What the task asks: Check every line below for the string "them". Copy the ones that have it.

● ● ● ●

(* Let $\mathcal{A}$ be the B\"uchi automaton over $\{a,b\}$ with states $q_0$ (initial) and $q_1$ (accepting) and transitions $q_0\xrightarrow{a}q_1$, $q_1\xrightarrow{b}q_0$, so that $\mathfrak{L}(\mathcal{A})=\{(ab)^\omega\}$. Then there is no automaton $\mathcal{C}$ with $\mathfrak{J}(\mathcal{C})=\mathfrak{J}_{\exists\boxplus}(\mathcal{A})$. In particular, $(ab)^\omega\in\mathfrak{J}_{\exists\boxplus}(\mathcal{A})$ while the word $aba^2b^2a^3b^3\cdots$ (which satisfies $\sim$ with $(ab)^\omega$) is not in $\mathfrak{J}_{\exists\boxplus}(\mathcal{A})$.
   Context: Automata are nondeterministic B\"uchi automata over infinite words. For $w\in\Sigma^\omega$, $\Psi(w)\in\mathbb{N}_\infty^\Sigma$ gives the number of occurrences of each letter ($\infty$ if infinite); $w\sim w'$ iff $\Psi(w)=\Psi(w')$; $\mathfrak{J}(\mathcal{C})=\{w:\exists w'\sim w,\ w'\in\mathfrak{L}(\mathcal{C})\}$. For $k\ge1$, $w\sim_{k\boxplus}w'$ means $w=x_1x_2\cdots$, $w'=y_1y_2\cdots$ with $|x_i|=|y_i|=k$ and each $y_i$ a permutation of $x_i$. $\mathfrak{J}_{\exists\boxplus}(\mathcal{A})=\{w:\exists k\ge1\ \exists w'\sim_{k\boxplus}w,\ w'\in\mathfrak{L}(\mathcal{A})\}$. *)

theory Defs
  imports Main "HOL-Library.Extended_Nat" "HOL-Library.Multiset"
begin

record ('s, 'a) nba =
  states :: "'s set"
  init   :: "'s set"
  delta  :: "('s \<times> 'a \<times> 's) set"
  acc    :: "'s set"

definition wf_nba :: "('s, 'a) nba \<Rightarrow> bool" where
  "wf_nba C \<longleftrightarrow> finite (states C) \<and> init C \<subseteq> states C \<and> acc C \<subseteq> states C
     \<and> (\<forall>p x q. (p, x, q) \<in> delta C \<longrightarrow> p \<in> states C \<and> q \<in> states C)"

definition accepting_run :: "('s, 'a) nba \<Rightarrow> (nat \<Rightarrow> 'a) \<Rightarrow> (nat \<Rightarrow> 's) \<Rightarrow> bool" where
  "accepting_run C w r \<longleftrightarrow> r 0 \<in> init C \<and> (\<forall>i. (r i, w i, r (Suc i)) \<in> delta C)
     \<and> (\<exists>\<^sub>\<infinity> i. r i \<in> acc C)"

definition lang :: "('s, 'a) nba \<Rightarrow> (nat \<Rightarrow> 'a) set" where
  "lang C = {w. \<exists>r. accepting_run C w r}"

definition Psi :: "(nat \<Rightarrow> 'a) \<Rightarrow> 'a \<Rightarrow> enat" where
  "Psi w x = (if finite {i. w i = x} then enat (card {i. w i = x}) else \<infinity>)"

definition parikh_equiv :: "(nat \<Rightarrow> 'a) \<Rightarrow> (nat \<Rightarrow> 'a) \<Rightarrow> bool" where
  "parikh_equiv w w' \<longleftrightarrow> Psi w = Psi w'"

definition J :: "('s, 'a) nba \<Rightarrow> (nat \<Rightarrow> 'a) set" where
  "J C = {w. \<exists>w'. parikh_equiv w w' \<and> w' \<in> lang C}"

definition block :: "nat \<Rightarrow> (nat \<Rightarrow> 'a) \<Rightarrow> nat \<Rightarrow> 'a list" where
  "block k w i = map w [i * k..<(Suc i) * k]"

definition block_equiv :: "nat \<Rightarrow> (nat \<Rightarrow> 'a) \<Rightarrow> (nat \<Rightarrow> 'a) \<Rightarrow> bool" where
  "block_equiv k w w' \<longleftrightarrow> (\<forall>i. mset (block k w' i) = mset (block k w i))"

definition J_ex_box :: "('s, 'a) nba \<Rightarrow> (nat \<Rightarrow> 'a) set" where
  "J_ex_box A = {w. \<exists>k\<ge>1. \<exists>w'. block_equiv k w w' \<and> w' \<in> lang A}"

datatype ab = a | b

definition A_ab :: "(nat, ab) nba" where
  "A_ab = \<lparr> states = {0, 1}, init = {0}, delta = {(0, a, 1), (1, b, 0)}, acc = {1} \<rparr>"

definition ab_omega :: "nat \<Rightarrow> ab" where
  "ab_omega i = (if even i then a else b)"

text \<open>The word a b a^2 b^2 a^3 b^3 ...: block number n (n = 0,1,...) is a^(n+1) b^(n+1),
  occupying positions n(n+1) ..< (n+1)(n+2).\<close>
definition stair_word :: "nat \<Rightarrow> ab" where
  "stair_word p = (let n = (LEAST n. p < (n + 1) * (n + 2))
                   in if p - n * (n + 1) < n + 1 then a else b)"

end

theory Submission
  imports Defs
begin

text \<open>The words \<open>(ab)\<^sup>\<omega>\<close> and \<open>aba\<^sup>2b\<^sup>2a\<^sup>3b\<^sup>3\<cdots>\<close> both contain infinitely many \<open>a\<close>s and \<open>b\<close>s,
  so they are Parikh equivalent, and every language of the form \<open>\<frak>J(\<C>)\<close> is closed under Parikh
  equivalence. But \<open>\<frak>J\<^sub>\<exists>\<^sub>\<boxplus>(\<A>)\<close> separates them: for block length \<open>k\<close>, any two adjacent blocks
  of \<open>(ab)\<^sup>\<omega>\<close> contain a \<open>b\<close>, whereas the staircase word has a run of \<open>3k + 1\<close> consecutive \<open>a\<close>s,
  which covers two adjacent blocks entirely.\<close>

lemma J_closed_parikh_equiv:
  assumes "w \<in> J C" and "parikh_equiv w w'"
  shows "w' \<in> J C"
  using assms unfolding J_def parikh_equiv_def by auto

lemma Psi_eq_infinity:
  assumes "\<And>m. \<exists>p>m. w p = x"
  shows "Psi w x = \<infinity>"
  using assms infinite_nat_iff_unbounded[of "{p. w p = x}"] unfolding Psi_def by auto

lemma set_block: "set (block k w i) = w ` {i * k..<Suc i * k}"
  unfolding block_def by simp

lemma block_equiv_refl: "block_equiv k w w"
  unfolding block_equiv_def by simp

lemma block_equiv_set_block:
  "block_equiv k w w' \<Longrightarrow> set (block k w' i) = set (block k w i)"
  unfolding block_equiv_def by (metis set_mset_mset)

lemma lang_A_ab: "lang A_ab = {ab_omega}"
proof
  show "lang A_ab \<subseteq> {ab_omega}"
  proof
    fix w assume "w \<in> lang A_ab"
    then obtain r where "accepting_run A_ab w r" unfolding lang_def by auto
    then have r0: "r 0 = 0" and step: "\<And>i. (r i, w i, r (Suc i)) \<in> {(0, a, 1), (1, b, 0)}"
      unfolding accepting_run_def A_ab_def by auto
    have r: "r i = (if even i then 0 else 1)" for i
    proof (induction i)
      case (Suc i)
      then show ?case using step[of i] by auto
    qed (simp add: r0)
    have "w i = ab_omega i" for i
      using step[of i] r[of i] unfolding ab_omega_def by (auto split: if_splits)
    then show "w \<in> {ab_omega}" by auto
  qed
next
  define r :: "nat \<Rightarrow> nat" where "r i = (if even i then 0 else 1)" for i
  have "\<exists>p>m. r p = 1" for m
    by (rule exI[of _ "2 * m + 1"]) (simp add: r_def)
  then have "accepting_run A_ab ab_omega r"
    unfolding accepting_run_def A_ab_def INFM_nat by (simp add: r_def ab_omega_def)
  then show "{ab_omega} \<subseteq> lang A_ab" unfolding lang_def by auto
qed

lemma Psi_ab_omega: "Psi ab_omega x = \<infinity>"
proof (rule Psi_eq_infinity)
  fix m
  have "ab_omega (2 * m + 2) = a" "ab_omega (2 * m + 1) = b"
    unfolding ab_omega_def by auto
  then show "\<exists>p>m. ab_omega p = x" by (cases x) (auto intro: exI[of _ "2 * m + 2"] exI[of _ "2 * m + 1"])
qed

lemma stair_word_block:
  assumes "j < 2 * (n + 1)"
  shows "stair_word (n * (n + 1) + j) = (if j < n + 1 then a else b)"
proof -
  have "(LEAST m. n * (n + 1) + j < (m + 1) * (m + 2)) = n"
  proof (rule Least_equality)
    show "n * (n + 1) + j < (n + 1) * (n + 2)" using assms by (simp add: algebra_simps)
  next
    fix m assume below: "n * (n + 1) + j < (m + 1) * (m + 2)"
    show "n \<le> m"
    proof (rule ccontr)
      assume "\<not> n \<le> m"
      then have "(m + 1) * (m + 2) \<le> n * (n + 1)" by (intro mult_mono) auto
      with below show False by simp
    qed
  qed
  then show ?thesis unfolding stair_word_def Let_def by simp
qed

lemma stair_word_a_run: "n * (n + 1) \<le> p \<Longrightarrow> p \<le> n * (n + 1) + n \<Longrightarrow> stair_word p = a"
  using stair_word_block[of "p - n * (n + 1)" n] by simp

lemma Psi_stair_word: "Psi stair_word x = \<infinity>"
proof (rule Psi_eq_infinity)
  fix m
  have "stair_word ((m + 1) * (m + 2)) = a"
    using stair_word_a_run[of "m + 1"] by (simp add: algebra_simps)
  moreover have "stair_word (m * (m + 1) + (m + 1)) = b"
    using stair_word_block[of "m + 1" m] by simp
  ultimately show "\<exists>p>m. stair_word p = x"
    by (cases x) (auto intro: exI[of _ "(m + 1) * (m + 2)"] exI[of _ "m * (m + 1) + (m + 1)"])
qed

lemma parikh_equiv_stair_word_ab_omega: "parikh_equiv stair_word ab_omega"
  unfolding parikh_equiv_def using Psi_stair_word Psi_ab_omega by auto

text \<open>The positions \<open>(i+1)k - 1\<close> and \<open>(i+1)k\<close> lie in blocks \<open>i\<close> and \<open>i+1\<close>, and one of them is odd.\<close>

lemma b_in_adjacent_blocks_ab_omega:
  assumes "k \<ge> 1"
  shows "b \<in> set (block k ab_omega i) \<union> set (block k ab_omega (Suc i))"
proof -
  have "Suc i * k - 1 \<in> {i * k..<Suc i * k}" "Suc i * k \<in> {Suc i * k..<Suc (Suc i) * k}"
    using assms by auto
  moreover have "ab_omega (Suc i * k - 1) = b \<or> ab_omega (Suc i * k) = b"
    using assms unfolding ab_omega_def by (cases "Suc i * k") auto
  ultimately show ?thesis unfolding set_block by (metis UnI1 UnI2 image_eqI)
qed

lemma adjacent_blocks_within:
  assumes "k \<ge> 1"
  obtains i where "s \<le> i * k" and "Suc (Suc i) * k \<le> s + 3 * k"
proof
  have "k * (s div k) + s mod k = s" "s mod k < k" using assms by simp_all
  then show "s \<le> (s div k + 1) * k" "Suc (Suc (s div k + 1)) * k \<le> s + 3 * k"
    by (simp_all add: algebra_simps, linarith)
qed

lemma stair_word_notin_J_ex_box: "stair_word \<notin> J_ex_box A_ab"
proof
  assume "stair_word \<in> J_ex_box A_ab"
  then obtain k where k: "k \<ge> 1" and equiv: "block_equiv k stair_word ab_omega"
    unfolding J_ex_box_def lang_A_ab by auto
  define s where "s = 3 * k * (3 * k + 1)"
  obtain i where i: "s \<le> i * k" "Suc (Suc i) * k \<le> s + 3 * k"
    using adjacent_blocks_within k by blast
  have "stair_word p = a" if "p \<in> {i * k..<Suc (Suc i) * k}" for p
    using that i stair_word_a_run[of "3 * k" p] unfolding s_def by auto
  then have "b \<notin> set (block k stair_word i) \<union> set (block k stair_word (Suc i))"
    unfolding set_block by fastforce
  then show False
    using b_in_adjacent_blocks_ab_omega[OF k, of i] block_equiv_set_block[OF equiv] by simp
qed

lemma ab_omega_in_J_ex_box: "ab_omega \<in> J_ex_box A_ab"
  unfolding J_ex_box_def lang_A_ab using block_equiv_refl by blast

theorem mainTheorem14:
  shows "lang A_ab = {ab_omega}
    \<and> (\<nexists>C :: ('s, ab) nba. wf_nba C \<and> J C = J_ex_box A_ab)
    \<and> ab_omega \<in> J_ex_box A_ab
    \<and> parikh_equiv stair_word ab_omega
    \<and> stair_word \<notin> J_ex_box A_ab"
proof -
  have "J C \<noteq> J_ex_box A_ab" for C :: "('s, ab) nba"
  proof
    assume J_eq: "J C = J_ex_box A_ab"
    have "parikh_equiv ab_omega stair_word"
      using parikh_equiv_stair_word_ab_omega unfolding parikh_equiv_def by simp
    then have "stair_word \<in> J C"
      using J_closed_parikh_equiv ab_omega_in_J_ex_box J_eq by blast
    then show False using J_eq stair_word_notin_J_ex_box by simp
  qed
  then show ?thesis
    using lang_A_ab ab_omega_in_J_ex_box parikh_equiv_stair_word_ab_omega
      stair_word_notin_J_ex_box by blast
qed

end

● ● ● ●

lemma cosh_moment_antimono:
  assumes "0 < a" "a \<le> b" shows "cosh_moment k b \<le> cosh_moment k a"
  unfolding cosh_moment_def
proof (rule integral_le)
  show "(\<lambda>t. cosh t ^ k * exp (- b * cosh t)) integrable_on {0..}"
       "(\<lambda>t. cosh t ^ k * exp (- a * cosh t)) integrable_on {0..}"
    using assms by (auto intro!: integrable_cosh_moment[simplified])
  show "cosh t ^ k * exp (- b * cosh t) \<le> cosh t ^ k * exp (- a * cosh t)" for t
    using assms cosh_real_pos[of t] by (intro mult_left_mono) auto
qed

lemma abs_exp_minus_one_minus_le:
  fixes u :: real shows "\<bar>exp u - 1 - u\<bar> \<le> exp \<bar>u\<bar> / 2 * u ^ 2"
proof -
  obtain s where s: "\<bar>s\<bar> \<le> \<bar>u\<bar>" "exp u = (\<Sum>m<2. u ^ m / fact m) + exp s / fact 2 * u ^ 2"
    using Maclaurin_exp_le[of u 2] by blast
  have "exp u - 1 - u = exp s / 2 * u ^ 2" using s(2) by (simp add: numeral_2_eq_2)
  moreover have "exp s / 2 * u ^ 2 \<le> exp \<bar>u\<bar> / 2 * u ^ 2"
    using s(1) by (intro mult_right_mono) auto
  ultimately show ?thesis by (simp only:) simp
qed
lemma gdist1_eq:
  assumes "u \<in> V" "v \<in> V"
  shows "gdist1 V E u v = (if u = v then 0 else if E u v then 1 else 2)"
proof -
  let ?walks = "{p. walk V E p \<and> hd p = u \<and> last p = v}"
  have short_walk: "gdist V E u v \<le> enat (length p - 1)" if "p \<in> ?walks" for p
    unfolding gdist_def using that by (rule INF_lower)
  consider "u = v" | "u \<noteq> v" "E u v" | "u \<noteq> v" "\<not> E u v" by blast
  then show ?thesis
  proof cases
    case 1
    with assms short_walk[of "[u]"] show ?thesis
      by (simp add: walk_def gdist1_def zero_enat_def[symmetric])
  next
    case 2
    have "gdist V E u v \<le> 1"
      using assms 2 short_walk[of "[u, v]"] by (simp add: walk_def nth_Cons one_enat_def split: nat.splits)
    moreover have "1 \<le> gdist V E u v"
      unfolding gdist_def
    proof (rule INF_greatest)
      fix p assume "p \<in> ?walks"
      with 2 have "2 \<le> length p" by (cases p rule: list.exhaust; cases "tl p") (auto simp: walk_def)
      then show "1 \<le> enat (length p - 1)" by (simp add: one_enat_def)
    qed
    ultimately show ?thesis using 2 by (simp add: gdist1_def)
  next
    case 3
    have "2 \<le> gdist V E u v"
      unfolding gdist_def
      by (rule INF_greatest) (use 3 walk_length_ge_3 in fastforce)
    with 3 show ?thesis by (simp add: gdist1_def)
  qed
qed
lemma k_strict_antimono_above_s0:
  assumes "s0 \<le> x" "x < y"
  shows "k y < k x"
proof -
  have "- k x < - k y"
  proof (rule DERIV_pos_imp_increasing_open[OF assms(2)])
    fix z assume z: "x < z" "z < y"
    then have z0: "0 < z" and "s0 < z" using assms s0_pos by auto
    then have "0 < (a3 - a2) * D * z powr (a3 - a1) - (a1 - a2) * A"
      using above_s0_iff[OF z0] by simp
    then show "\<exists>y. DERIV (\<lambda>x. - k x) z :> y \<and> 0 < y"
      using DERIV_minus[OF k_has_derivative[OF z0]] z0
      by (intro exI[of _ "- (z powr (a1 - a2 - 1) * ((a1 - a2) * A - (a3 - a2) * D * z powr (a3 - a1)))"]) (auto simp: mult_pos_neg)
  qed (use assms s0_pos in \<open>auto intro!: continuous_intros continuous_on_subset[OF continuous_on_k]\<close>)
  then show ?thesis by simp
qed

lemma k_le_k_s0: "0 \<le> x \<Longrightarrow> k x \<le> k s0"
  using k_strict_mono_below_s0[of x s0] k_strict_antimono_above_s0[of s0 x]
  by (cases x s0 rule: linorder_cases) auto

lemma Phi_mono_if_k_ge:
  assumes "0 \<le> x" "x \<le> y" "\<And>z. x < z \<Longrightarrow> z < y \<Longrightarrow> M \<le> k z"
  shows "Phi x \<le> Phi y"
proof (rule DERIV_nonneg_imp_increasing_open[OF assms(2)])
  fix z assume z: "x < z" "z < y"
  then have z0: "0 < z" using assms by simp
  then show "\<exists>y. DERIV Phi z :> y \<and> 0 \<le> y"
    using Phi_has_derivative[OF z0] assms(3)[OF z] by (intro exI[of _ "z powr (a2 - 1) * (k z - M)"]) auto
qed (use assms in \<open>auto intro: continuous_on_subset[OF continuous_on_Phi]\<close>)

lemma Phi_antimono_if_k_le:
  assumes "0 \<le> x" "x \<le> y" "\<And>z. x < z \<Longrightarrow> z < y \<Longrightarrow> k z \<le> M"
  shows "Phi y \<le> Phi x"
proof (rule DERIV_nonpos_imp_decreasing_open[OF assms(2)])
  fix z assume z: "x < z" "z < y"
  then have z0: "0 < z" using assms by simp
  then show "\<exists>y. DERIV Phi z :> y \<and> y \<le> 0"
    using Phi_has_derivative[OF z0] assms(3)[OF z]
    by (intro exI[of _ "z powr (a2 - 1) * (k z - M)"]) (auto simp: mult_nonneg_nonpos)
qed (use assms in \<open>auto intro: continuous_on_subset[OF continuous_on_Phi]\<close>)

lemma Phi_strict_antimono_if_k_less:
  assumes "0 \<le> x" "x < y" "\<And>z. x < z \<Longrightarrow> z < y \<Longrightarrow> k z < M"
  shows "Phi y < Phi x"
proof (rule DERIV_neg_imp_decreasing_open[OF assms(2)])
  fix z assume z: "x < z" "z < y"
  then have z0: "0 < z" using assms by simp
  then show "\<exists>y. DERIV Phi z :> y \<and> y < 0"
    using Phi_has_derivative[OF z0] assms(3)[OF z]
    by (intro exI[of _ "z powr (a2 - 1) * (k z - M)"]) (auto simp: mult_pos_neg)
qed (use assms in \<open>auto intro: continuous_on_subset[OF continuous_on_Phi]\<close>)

● ● ● ●

Solved exercise:
  equivalence. But \<open>\<frak>J\<^sub>\<exists>\<^sub>\<boxplus>(\<A>)\<close> separates them: for block length \<open>k\<close>, any two adjacent blocks
text \<open>The positions \<open>(i+1)k - 1\<close> and \<open>(i+1)k\<close> lie in blocks \<open>i\<close> and \<open>i+1\<close>, and one of them is odd.\<close>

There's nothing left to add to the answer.